### INSTRUCTIONS TO FOLLOW
Which lines in the records below contain the word "that"? Report each of them.

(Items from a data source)

lemma top_choice_sum_bound:
  fixes w :: "'a \<Rightarrow> nat"
  assumes "finite F" "Gs \<subseteq> F" "card Gs = min \<alpha> (card F)"
    and heaviest: "\<forall>G\<in>Gs. \<forall>H\<in>F - Gs. w H \<le> w G"
    and "Hs \<subseteq> F" "card Hs \<le> N"
  shows "\<alpha> * sum w Hs \<le> (\<alpha> + N) * sum w Gs"
proof -
  have "finite Gs" "finite Hs"
    using assms(1,2,5) finite_subset by auto
  have inside: "sum w (Hs \<inter> Gs) \<le> sum w Gs"
    using \<open>finite Gs\<close> by (intro sum_mono2) auto
  have outside: "\<alpha> * sum w (Hs - Gs) \<le> N * sum w Gs"
  proof (cases "Hs - Gs = {}")
    case True
    then show ?thesis by (simp add: True)
  next
    case False
    then have "Gs \<subset> F"
      using assms(2,5) by auto
    then have "card Gs = \<alpha>"
      using psubset_card_mono[OF assms(1) \<open>Gs \<subset> F\<close>] assms(3) by linarith
    then have "\<alpha> * sum w (Hs - Gs) = (\<Sum>G\<in>Gs. sum w (Hs - Gs))"
      by simp
    also have "\<dots> \<le> (\<Sum>G\<in>Gs. card (Hs - Gs) * w G)"
    proof (rule sum_mono)
      fix G assume "G \<in> Gs"
      then show "sum w (Hs - Gs) \<le> card (Hs - Gs) * w G"
        using heaviest assms(5) sum_bounded_above[of "Hs - Gs" w "w G"] by auto
    qed
    also have "\<dots> \<le> (\<Sum>G\<in>Gs. N * w G)"
      using card_mono[OF \<open>finite Hs\<close>, of "Hs - Gs"] assms(6)
      by (intro sum_mono mult_right_mono) auto
    also have "\<dots> = N * sum w Gs"
      by (simp add: sum_distrib_left)
    finally show ?thesis .
  qed
  have "\<alpha> * sum w Hs = \<alpha> * sum w (Hs \<inter> Gs) + \<alpha> * sum w (Hs - Gs)"
    using sum.Int_Diff[OF \<open>finite Hs\<close>, of w Gs] by (simp add: distrib_left)
  also have "\<dots> \<le> \<alpha> * sum w Gs + N * sum w Gs"
    using inside outside by (intro add_mono mult_left_mono) auto
  finally show ?thesis
    by (simp add: distrib_right)
qed

lemma finite_groups: "finite P \<Longrightarrow> finite (groups R P k)"
  by (simp add: groups_def surviving_def)

lemma groups_subset: "G \<in> groups R P k \<Longrightarrow> G \<subseteq> P"
  by (auto simp: groups_def surviving_def)

lemma card_ranges_at_group:
  assumes "finite R" "G \<in> groups R P k"
  shows "card (\<Union>p\<in>G. ranges_at R p) \<le> k"
proof -
  obtain p where p: "p \<in> surviving R P k"
    and G: "G = {q \<in> surviving R P k. ranges_at R q = ranges_at R p}"
    using assms(2) unfolding groups_def by blast
  have "(\<Union>q\<in>G. ranges_at R q) \<subseteq> ranges_at R p"
    using G by auto
  then have "card (\<Union>q\<in>G. ranges_at R q) \<le> card (ranges_at R p)"
    using assms(1) by (intro card_mono) (auto simp: ranges_at_def)
  also have "\<dots> \<le> k"
    using p by (simp add: surviving_def)
  finally show ?thesis .
qed

lemma card_greedy_deleted:
  assumes "finite P" "finite R" "greedy_choice R P k \<alpha> Gs"
  shows "card (greedy_deleted R Gs) \<le> \<alpha> * k"
proof -
  have Gs: "Gs \<subseteq> groups R P k" "card Gs \<le> \<alpha>"
    using assms(3) by (auto simp: greedy_choice_def)
  then have "finite Gs"
    using finite_groups[OF assms(1)] finite_subset by blast
  have "card (greedy_deleted R Gs) \<le> (\<Sum>G\<in>Gs. card (\<Union>p\<in>G. ranges_at R p))"
    unfolding greedy_deleted_def using \<open>finite Gs\<close> by (rule card_UN_le)
  also have "\<dots> \<le> card Gs * k"
    using card_ranges_at_group[OF assms(2)] Gs(1)
      sum_bounded_above[of Gs "\<lambda>G. card (\<Union>p\<in>G. ranges_at R p)" k] by auto
  also have "\<dots> \<le> \<alpha> * k"
    using Gs(2) by simp
  finally show ?thesis .
qed

lemma exposed_greedy_deleted: "\<forall>p\<in>\<Union>Gs. exposed (R - greedy_deleted R Gs) p"
  by (auto simp: exposed_def greedy_deleted_def ranges_at_def)

lemma max_exposed_attained:
  assumes "finite R"
  obtains D where "D \<subseteq> R" "card D \<le> k" "max_exposed R P k = card {p \<in> P. exposed (R - D) p}"
proof -
  let ?M = "{card {p \<in> P. exposed (R - D) p} | D. D \<subseteq> R \<and> card D \<le> k}"
  have "?M \<subseteq> (\<lambda>D. card {p \<in> P. exposed (R - D) p}) ` Pow R"
    by blast
  then have "finite ?M"
    using assms by (meson finite_Pow_iff finite_imageI finite_subset)
  moreover have "card {p \<in> P. exposed (R - {}) p} \<in> ?M"
    by force
  ultimately have "max_exposed R P k \<in> ?M"
    unfolding max_exposed_def by (intro Max_in) auto
  then show ?thesis
    using that by blast
qed

lemma exposed_covered_by_few_groups:
  assumes "\<forall>r\<in>R. axis_rect r" "D \<subseteq> R" "finite D" "card D \<le> k"
  obtains Hs where "Hs \<subseteq> groups R P k" "card Hs \<le> (4 * k + 1)\<^sup>2"
    "{p \<in> P. exposed (R - D) p} \<subseteq> \<Union>Hs"
proof -
  define E where "E = {p \<in> P. exposed (R - D) p}"
  define cls where "cls A = {q \<in> surviving R P k. ranges_at R q = A}" for A
  have ranges: "ranges_at R p = {r\<in>D. p \<in> r}" if "p \<in> E" for p
    using that assms(2) by (auto simp: E_def exposed_def ranges_at_def)
  have surviving: "E \<subseteq> surviving R P k"
  proof
    fix p assume "p \<in> E"
    have "card {r\<in>D. p \<in> r} \<le> card D"
      using assms(3) by (intro card_mono) auto
    then show "p \<in> surviving R P k"
      using \<open>p \<in> E\<close> ranges assms(4) by (auto simp: surviving_def E_def)
  qed
  define Hs where "Hs = (\<lambda>p. cls (ranges_at R p)) ` E"
  have "Hs \<subseteq> groups R P k"
    using surviving by (auto simp: Hs_def cls_def groups_def)
  moreover have "E \<subseteq> \<Union>Hs"
    using surviving by (auto simp: Hs_def cls_def)
  moreover have "card Hs \<le> (4 * k + 1)\<^sup>2"
  proof -
    have fin: "finite (range (\<lambda>p::pt. {r\<in>D. p \<in> r}))"
      by (rule finite_subset[of _ "Pow D"]) (use assms(3) in auto)
    have "Hs = cls ` (\<lambda>p. {r\<in>D. p \<in> r}) ` E"
      using ranges by (auto simp: Hs_def image_image)
    also have "card \<dots> \<le> card ((\<lambda>p. {r\<in>D. p \<in> r}) ` E)"
      by (rule card_image_le) (rule finite_subset[OF _ fin], auto)
    also have "\<dots> \<le> card (range (\<lambda>p::pt. {r\<in>D. p \<in> r}))"
      by (rule card_mono[OF fin]) auto
    also have "\<dots> \<le> (4 * card D + 1)\<^sup>2"
      using card_rectangle_cells assms(1-3) by blast
    also have "\<dots> \<le> (4 * k + 1)\<^sup>2"
      using assms(4) by simp
    finally show ?thesis .
  qed
  ultimately show ?thesis
    using that unfolding E_def by blast
qed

### RESPONSE BOX
    using that by blast
    using that assms(2) by (auto simp: E_def exposed_def ranges_at_def)
    using that unfolding E_def by blast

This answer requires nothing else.